Running libvirt without dnsmasq
Hi, we are trying to document a way for our users to run libvirt without dnsmasq to reduce attack surface on the host. We are aware that the default network uses it but plan to disable that and use our own custom configured networks instead. Uninstalling dnsmasq causes libvirt to refuse to start even if the default network is no longer running. Is this possible or is this something that needs code changes upstream?
On Wed, Jun 19, 2024 at 06:21:29PM -0000, procmem@riseup.net wrote:
Hi, we are trying to document a way for our users to run libvirt without dnsmasq to reduce attack surface on the host. We are aware that the default network uses it but plan to disable that and use our own custom configured networks instead. Uninstalling dnsmasq causes libvirt to refuse to start even if the default network is no longer running. Is this possible or is this something that needs code changes upstream?
The virtual network driver validates existance of dnsmasq at startup, but nothing requires you to actually run the virtual network driver, if you're intending to do your own thing with network setup.

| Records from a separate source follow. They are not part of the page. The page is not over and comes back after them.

lemma abs_integral_error_integrand_initial:
  "\<bar>integral {u..next_node} error_integrand\<bar> \<le> 2 / (\<alpha> * Gamma \<alpha> * Gamma (1 - \<alpha>)) * (h / (t - u)) powr \<alpha>"
proof -
  define c where "c = 2 * (t - u) powr (-\<alpha>) / (Gamma \<alpha> * Gamma (1 - \<alpha>))"
  have "((\<lambda>v. c * (v - u) powr (\<alpha> - 1)) has_integral c * (((next_node - u) powr \<alpha> - (u - u) powr \<alpha>) / \<alpha>))
      {u..next_node}"
    using alpha_pos u_less_next_node by (intro has_integral_mult_right has_integral_powr_shifted) auto
  then have "\<bar>integral {u..next_node} error_integrand\<bar> \<le> c * ((next_node - u) powr \<alpha> / \<alpha>)"
    using u_less_next_node next_node_add_less h_pos abs_error_integrand_le_initial
    by (intro abs_integral_le_has_integral error_integrand_integrable_on) (auto simp: c_def)
  also have "\<dots> \<le> c * (h powr \<alpha> / \<alpha>)"
    using u_less_next_node next_node_le alpha_pos alpha_less_one
    by (intro mult_left_mono divide_right_mono powr_mono2) (auto simp: c_def)
  also have "\<dots> = 2 / (\<alpha> * Gamma \<alpha> * Gamma (1 - \<alpha>)) * (h / (t - u)) powr \<alpha>"
    using h_pos u_less_t by (simp add: c_def powr_divide powr_minus_divide)
  finally show ?thesis .
qed

lemma abs_error_integrand_le_first_cell:
  assumes "v \<in> {next_node..next_node + h}"
  shows "\<bar>error_integrand v\<bar> \<le> 2 * (t - u) powr (-\<alpha>) / Gamma (1 - \<alpha>) * Kker \<alpha> (next_node - u)"
proof -
  have "Kker \<alpha> (v - u) \<le> Kker \<alpha> (next_node - u)"
    using assms u_less_next_node alpha_pos alpha_less_one by (intro Kker_antimono) auto
  then have "\<bar>Kh \<alpha> h v u - Kker \<alpha> (v - u)\<bar> \<le> Kker \<alpha> (next_node - u)"
    using Kh_nonneg[of v] Kh_le[of v] Kker_nonneg[OF alpha_pos, of "v - u"] by (simp add: abs_le_iff)
  then show ?thesis
    unfolding error_integrand_def abs_mult using assms alpha_less_one
    by (intro mult_mono) (auto simp: Lker_nonneg intro!: Lker_le_near_u)
qed

lemma abs_integral_error_integrand_first_cell:
  "\<bar>integral {next_node..next_node + h} error_integrand\<bar>
     \<le> 2 / Gamma (1 - \<alpha>) * h * Kker \<alpha> (next_node - u) * (t - u) powr (-\<alpha>)"
proof -
  have "((\<lambda>v. 2 * (t - u) powr (-\<alpha>) / Gamma (1 - \<alpha>) * Kker \<alpha> (next_node - u)) has_integral
      h * (2 * (t - u) powr (-\<alpha>) / Gamma (1 - \<alpha>) * Kker \<alpha> (next_node - u))) {next_node..next_node + h}"
    using has_integral_const_real[of "2 * (t - u) powr (-\<alpha>) / Gamma (1 - \<alpha>) * Kker \<alpha> (next_node - u)"
        next_node "next_node + h"] h_pos
    by simp
  then show ?thesis
    using u_less_next_node next_node_add_less abs_error_integrand_le_first_cell
    by (intro order_trans[OF abs_integral_le_has_integral] error_integrand_integrable_on) (auto simp: mult_ac)
qed

lemma Kh_minus_Kker_tail:
  assumes "next_node + h \<le> v"
  shows "0 \<le> Kh \<alpha> h v u - Kker \<alpha> (v - u)"
    and "Kh \<alpha> h v u - Kker \<alpha> (v - u) \<le> 4 * h * (v - u) powr (\<alpha> - 2) / Gamma \<alpha>"
proof -
  define x where "x = phi h v - u"
  have x: "h \<le> x" "x \<le> v - u" "v - u < x + h"
    using next_node_add_le_phi[OF assms] u_less_next_node phi_le[OF h_pos, of v] less_phi_add[OF h_pos, of v]
    by (auto simp: x_def)
  have Kh: "Kh \<alpha> h v u = Kker \<alpha> x"
    using assms h_pos by (simp add: Kh_from_next_node x_def)
  show "0 \<le> Kh \<alpha> h v u - Kker \<alpha> (v - u)"
    unfolding Kh using x h_pos alpha_pos alpha_less_one Kker_antimono[of \<alpha> x "v - u"] by simp
  have "x powr (-(2 - \<alpha>)) \<le> 2 powr 2 * (v - u) powr (-(2 - \<alpha>))"
    using x h_pos alpha_pos alpha_less_one by (intro powr_neg_le_of_half_le) auto
  then have x_powr: "x powr (\<alpha> - 2) \<le> 4 * (v - u) powr (\<alpha> - 2)"
    by simp
  have "Kker \<alpha> (x + h) \<le> Kker \<alpha> (v - u)"
    using x h_pos alpha_pos alpha_less_one by (intro Kker_antimono) auto
  then have "Kh \<alpha> h v u - Kker \<alpha> (v - u) \<le> Kker \<alpha> x - Kker \<alpha> (x + h)"
    unfolding Kh by simp
  also have "\<dots> \<le> h * x powr (\<alpha> - 2) / Gamma \<alpha>"
    using x h_pos alpha_pos by (intro Kker_diff_le) auto
  also have "\<dots> \<le> h * (4 * (v - u) powr (\<alpha> - 2)) / Gamma \<alpha>"
    using x_powr h_pos alpha_pos by (intro divide_right_mono mult_left_mono) auto
  finally show "Kh \<alpha> h v u - Kker \<alpha> (v - u) \<le> 4 * h * (v - u) powr (\<alpha> - 2) / Gamma \<alpha>"
    by (simp add: ac_simps)
qed

lemma abs_error_integrand_le_tail:
  assumes "v \<in> {next_node + h..t}"
  shows "\<bar>error_integrand v\<bar> \<le> 4 * h / (Gamma \<alpha> * Gamma (1 - \<alpha>)) *
    (4 * (t - u) powr (\<alpha> - 2) * (t - v) powr (-\<alpha>) + 2 * (t - u) powr (-\<alpha>) * (v - u) powr (\<alpha> - 2))"
proof -
  have "\<bar>error_integrand v\<bar> = Lker \<alpha> (t - v) * (Kh \<alpha> h v u - Kker \<alpha> (v - u))"
    using assms Kh_minus_Kker_tail(1) alpha_less_one by (simp add: error_integrand_def abs_mult Lker_nonneg)
  also have "\<dots> \<le> Lker \<alpha> (t - v) * (4 * h * (v - u) powr (\<alpha> - 2) / Gamma \<alpha>)"
    using assms alpha_less_one by (intro mult_left_mono Kh_minus_Kker_tail(2)) (auto simp: Lker_nonneg)
  also have "\<dots> = 4 * h / (Gamma \<alpha> * Gamma (1 - \<alpha>)) * ((t - v) powr (-\<alpha>) * (v - u) powr (\<alpha> - 2))"
    using assms by (simp add: Lker_eq ac_simps)
  also have "\<dots> \<le> 4 * h / (Gamma \<alpha> * Gamma (1 - \<alpha>)) *
      (4 * (t - u) powr (\<alpha> - 2) * (t - v) powr (-\<alpha>) + 2 * (t - u) powr (-\<alpha>) * (v - u) powr (\<alpha> - 2))"
    using assms u_less_next_node h_pos alpha_pos alpha_less_one
    by (intro mult_left_mono powr_product_split) auto
  finally show ?thesis .
qed

lemma has_integral_tail_Lpart:
  "((\<lambda>v. (t - v) powr (-\<alpha>)) has_integral (t - (next_node + h)) powr (1 - \<alpha>) / (1 - \<alpha>))
     {next_node + h..t}"
  using has_integral_powr_reflected[of "1 - \<alpha>" "next_node + h" t t] next_node_add_less alpha_less_one
  by simp

lemma has_integral_tail_Kpart:
  "((\<lambda>v. (v - u) powr (\<alpha> - 2)) has_integral ((next_node + h - u) powr (\<alpha> - 1) - (t - u) powr (\<alpha> - 1)) / (1 - \<alpha>))
     {next_node + h..t}"
proof -
  have "((\<lambda>v. (v - u) powr (\<alpha> - 1 - 1)) has_integral ((t - u) powr (\<alpha> - 1) - (next_node + h - u) powr (\<alpha> - 1)) / (\<alpha> - 1))
      {next_node + h..t}"
    using next_node_add_less u_less_next_node h_pos alpha_less_one by (intro has_integral_powr_shifted) auto
  moreover have "((t - u) powr (\<alpha> - 1) - (next_node + h - u) powr (\<alpha> - 1)) / (\<alpha> - 1)
      = ((next_node + h - u) powr (\<alpha> - 1) - (t - u) powr (\<alpha> - 1)) / (1 - \<alpha>)"
    by (metis minus_diff_eq minus_divide_divide)
  ultimately show ?thesis
    by simp
qed

lemma abs_integral_error_integrand_tail:
  "\<bar>integral {next_node + h..t} error_integrand\<bar> \<le> 24 / ((1 - \<alpha>) * Gamma \<alpha> * Gamma (1 - \<alpha>)) * (h / (t - u)) powr \<alpha>"
proof -
  define s where "s = t - u"
  define c where "c = 4 * h / (Gamma \<alpha> * Gamma (1 - \<alpha>))"
  define I1 where "I1 = (t - (next_node + h)) powr (1 - \<alpha>) / (1 - \<alpha>)"
  define I2 where "I2 = ((next_node + h - u) powr (\<alpha> - 1) - s powr (\<alpha> - 1)) / (1 - \<alpha>)"
  have s: "0 < s" "h < s" using far h_pos by (auto simp: s_def)
  have I1: "I1 \<le> s powr (1 - \<alpha>) / (1 - \<alpha>)"
    using next_node_add_less u_less_next_node h_pos alpha_less_one
    by (auto simp: I1_def s_def intro!: divide_right_mono powr_mono2)
  have "(next_node + h - u) powr (\<alpha> - 1) \<le> h powr (\<alpha> - 1)"
    using u_less_next_node h_pos alpha_less_one by (intro powr_mono2') auto
  then have "(next_node + h - u) powr (\<alpha> - 1) - s powr (\<alpha> - 1) \<le> h powr (\<alpha> - 1)"
    using powr_ge_zero[of s "\<alpha> - 1"] by linarith
  then have I2: "I2 \<le> h powr (\<alpha> - 1) / (1 - \<alpha>)"
    using alpha_less_one by (simp add: I2_def divide_right_mono)
  have "((\<lambda>v. c * (4 * s powr (\<alpha> - 2) * (t - v) powr (-\<alpha>) + 2 * s powr (-\<alpha>) * (v - u) powr (\<alpha> - 2)))
      has_integral c * (4 * s powr (\<alpha> - 2) * I1 + 2 * s powr (-\<alpha>) * I2)) {next_node + h..t}"
    unfolding I1_def I2_def s_def
    by (intro has_integral_mult_right has_integral_add has_integral_tail_Lpart has_integral_tail_Kpart)
  then have "\<bar>integral {next_node + h..t} error_integrand\<bar> \<le> c * (4 * s powr (\<alpha> - 2) * I1 + 2 * s powr (-\<alpha>) * I2)"
    using next_node_add_less u_less_next_node h_pos abs_error_integrand_le_tail
    by (intro abs_integral_le_has_integral error_integrand_integrable_on) (auto simp: c_def s_def)
  also have "\<dots> \<le> c * (4 * s powr (\<alpha> - 2) * (s powr (1 - \<alpha>) / (1 - \<alpha>)) + 2 * s powr (-\<alpha>) * (h powr (\<alpha> - 1) / (1 - \<alpha>)))"
    using I1 I2 h_pos alpha_pos alpha_less_one by (intro mult_left_mono add_mono) (auto simp: c_def)
  also have "\<dots> = 4 / ((1 - \<alpha>) * Gamma \<alpha> * Gamma (1 - \<alpha>))
      * (h * (4 * s powr (\<alpha> - 2) * s powr (1 - \<alpha>) + 2 * s powr (-\<alpha>) * h powr (\<alpha> - 1)))"
    using alpha_pos alpha_less_one by (simp add: c_def divide_simps)
  also have "\<dots> \<le> 4 / ((1 - \<alpha>) * Gamma \<alpha> * Gamma (1 - \<alpha>)) * (6 * (h / s) powr \<alpha>)"
    using s h_pos alpha_pos alpha_less_one by (intro mult_left_mono tail_powr_sum_le) auto
  finally show ?thesis
    by (simp add: s_def)
qed

lemma gh_error_far_from_diagonal:
  "\<bar>gh \<alpha> h t u - 1\<bar> \<le> (2 / (\<alpha> * Gamma \<alpha> * Gamma (1 - \<alpha>)) + 24 / ((1 - \<alpha>) * Gamma \<alpha> * Gamma (1 - \<alpha>)))
      * (h / (t - u)) powr \<alpha> + 2 / Gamma (1 - \<alpha>) * h * Kker \<alpha> (next_node - u) * (t - u) powr (-\<alpha>)"
proof -
  have "integral {u..next_node} error_integrand + integral {next_node..t} error_integrand = integral {u..t} error_integrand"
    using u_less_next_node next_node_add_less h_pos
    by (intro Henstock_Kurzweil_Integration.integral_combine error_integrand_integrable_on) auto
  moreover have "integral {next_node..next_node + h} error_integrand + integral {next_node + h..t} error_integrand = integral {next_node..t} error_integrand"
    using u_less_next_node next_node_add_less h_pos
    by (intro Henstock_Kurzweil_Integration.integral_combine error_integrand_integrable_on) auto
  ultimately show ?thesis
    using gh_minus_one_eq abs_integral_error_integrand_initial abs_integral_error_integrand_first_cell abs_integral_error_integrand_tail
    by (simp add: distrib_right)
qed

end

It sounds like you're using the old monolithic 'libvirtd' daemon. We always build libvirt with modules support, so all drivers are dlopen'd on startup. Thus if you're not intending to use the libvirt virtual network feature, simply don't install its modyle, and then libvirtd will see the module doesn't exist, and skip the dlopen. If you're using the new modular daemons, then even if installed, the virtnetworkd daemon won't get launched unless some guest is configured to use it. So if you're intending to setup network bridges yourself, virtnetworkd shouldn't run. With regards, Daniel -- |: https://berrange.com -o- https://www.flickr.com/photos/dberrange :| |: https://libvirt.org -o- https://fstop138.berrange.com :| |: https://entangle-photo.org -o- https://www.instagram.com/dberrange :|
On Wed, Jun 19, 2024 at 7:30 PM Daniel P. Berrangé <berrange@redhat.com> wrote:
On Wed, Jun 19, 2024 at 06:21:29PM -0000, procmem@riseup.net wrote:
Hi, we are trying to document a way for our users to run libvirt without
...
The virtual network driver validates existance of dnsmasq at startup, but nothing requires you to actually run the virtual network driver, if you're intending to do your own thing with network setup.
...
If you're using the new modular daemons, then even if installed, the virtnetworkd daemon won't get launched unless some guest is configured to use it. So if you're intending to setup network bridges yourself, virtnetworkd shouldn't run.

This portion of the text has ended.